/---

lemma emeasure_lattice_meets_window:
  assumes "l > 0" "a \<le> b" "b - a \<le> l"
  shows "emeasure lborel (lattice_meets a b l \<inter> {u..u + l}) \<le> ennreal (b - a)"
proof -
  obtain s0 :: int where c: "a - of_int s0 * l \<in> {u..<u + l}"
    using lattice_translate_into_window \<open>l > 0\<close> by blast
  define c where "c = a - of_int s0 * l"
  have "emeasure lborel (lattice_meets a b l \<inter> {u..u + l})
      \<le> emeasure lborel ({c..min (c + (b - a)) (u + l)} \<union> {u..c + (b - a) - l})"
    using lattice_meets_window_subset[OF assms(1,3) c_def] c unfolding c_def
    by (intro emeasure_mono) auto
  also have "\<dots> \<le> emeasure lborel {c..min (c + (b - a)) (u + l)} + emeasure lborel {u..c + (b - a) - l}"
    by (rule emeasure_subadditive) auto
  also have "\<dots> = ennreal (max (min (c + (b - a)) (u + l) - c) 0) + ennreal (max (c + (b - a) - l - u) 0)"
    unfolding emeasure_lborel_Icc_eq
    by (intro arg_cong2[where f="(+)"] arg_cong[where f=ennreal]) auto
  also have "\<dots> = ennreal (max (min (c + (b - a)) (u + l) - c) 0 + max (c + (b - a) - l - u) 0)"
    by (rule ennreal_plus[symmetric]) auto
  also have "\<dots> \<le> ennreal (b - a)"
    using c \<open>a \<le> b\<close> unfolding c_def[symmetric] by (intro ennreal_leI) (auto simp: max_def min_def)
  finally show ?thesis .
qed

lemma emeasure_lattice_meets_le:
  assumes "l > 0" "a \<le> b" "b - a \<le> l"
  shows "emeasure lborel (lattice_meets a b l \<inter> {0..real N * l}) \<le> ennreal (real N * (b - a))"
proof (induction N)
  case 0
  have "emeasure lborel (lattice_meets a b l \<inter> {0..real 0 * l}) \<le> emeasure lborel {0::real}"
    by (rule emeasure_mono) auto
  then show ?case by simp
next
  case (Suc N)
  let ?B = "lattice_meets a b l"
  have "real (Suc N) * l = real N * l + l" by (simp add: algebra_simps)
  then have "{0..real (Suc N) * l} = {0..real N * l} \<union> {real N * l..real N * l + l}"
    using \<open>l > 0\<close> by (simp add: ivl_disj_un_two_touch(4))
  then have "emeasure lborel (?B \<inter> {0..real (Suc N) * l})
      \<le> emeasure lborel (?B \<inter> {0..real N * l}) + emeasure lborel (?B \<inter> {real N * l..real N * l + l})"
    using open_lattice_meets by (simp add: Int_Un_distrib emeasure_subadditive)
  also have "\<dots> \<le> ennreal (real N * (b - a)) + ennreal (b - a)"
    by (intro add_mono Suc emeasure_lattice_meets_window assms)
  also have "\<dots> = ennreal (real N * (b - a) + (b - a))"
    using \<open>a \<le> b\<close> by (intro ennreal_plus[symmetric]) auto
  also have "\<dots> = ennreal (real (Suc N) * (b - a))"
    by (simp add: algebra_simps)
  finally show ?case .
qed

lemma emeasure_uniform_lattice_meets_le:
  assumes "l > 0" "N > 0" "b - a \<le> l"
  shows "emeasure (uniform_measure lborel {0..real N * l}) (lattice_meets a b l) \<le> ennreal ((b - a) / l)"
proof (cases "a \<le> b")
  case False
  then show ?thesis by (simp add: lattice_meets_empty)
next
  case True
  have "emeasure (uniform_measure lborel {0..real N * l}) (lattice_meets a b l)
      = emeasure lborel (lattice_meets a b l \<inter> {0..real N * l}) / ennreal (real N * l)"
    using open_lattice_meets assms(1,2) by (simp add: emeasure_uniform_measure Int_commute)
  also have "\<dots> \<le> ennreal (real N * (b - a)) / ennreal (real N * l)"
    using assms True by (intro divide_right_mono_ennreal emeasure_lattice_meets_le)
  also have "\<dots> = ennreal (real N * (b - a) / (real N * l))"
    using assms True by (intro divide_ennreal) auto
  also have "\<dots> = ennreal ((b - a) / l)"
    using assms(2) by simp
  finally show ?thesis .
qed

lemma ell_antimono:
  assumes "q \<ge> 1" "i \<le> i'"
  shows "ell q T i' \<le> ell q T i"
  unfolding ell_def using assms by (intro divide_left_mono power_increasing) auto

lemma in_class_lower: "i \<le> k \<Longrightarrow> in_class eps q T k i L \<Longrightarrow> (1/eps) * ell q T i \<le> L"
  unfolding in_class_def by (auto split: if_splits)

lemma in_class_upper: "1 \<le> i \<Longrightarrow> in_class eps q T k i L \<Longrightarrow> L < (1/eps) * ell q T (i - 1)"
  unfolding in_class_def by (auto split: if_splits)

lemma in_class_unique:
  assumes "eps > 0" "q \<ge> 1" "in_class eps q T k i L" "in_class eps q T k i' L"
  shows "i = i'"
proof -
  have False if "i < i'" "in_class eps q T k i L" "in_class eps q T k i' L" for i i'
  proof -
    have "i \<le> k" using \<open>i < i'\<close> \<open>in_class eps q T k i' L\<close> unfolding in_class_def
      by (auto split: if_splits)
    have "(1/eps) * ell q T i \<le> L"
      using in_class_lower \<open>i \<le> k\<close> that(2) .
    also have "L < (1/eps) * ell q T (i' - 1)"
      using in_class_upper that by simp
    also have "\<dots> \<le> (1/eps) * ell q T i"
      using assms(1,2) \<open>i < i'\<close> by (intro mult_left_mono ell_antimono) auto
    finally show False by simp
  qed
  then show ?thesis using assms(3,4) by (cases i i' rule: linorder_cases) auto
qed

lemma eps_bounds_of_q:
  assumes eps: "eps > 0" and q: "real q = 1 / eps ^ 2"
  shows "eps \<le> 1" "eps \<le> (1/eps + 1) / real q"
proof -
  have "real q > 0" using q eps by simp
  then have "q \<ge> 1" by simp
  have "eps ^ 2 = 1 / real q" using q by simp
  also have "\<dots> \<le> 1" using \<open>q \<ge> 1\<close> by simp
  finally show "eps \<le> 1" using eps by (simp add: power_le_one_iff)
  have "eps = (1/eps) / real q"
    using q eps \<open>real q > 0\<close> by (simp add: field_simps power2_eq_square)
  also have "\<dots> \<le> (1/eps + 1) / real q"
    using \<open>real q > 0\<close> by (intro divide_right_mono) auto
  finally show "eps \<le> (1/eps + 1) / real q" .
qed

\---
/---

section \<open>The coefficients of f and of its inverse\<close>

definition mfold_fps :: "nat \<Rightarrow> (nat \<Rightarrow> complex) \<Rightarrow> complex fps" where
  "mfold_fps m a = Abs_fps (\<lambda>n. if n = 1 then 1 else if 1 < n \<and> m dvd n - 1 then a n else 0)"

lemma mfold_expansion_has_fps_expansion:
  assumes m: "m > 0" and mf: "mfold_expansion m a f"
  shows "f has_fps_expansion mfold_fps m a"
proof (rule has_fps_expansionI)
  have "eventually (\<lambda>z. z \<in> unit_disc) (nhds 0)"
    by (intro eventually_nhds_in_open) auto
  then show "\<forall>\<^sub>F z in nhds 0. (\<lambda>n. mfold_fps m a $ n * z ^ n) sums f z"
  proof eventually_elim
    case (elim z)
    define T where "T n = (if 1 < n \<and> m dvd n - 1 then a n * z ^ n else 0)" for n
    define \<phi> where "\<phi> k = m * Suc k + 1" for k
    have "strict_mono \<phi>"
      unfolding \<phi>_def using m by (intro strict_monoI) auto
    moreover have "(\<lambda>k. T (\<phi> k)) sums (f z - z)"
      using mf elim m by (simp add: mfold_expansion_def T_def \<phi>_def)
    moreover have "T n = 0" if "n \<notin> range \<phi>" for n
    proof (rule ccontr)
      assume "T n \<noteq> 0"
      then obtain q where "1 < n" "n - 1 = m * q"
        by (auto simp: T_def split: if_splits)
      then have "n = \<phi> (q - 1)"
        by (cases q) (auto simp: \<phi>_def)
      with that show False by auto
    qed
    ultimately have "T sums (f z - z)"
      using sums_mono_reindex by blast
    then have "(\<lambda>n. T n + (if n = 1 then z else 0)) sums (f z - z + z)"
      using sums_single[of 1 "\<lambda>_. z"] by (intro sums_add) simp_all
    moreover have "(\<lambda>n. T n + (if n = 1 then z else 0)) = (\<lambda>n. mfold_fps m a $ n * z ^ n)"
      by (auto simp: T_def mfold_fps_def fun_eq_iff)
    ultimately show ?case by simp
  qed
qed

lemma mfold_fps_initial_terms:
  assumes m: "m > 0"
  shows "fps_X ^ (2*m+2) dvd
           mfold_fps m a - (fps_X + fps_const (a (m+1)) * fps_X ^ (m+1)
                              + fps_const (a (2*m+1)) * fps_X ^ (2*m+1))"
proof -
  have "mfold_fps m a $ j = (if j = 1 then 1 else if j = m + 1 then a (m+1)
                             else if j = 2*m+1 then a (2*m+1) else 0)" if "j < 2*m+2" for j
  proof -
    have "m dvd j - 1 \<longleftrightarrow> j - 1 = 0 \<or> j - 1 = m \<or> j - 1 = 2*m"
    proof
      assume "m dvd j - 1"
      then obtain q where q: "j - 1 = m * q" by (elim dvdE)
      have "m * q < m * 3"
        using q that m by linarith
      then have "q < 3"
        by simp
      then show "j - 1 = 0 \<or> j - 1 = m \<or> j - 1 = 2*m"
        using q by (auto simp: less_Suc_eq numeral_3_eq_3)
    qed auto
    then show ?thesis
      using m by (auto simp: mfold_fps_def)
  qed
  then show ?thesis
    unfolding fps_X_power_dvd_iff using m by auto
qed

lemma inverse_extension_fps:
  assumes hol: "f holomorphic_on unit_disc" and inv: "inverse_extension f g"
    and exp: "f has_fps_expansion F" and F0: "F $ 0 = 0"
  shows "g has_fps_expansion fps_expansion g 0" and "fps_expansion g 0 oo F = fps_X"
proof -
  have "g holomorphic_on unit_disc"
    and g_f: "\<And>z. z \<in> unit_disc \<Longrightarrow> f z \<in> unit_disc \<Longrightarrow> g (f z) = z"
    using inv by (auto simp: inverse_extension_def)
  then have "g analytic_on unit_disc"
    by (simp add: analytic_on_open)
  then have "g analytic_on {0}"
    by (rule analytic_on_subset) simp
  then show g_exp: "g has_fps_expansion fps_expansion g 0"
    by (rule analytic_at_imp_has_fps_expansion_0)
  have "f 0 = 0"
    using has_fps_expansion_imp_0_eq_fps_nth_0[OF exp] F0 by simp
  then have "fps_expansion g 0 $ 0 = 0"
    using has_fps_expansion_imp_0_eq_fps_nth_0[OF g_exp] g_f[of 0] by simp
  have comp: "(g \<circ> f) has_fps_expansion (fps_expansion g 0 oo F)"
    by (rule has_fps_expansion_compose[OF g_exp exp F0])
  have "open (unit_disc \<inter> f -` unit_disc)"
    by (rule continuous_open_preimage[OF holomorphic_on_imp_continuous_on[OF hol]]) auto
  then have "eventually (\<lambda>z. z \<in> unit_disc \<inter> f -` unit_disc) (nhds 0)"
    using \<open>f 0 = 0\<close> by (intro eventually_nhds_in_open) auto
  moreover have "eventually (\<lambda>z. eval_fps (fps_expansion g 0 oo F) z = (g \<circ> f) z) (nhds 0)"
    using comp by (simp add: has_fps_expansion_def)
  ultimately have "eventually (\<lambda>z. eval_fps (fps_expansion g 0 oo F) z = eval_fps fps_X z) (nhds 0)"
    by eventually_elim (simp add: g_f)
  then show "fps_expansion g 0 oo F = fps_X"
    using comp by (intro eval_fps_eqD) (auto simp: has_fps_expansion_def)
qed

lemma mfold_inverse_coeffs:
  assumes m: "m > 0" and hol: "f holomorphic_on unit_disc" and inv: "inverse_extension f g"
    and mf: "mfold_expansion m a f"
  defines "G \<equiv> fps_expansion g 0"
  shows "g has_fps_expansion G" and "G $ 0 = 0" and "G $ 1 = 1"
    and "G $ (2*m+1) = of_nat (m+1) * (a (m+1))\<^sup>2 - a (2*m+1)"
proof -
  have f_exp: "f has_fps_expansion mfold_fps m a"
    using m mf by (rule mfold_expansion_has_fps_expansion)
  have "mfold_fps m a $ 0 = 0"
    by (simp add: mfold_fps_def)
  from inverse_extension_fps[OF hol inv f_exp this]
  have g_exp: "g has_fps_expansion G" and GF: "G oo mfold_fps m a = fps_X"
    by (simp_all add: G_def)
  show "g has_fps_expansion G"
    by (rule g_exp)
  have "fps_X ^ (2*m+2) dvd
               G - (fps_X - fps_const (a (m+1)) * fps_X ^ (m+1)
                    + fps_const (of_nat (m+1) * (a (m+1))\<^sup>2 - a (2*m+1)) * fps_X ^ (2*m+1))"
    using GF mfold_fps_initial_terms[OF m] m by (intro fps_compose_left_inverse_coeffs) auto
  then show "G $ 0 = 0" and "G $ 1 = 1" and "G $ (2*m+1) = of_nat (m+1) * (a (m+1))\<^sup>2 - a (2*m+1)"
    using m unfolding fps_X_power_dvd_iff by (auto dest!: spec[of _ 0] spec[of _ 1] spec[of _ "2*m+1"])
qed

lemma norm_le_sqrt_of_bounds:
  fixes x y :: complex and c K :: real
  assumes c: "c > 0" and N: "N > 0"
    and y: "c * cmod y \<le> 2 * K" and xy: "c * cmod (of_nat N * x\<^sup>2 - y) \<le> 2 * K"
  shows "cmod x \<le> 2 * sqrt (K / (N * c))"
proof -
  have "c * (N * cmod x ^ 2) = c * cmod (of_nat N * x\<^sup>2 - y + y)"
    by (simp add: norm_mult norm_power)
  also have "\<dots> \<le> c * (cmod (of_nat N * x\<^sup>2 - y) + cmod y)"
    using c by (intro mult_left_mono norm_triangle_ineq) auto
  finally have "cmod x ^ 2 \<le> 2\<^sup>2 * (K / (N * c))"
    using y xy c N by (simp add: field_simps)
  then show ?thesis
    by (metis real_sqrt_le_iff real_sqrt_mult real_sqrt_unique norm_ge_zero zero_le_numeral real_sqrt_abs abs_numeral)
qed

\---

_Exercise goal_: In the listing, find each line with the string "finally" and copy it.

_Exercise result_:
  finally show ?thesis .
  finally show ?case .
  finally show ?thesis .
    finally show False by simp
  finally show "eps \<le> 1" using eps by (simp add: power_le_one_iff)
  finally show "eps \<le> (1/eps + 1) / real q" .
  finally have "cmod x ^ 2 \<le> 2\<^sup>2 * (K / (N * c))"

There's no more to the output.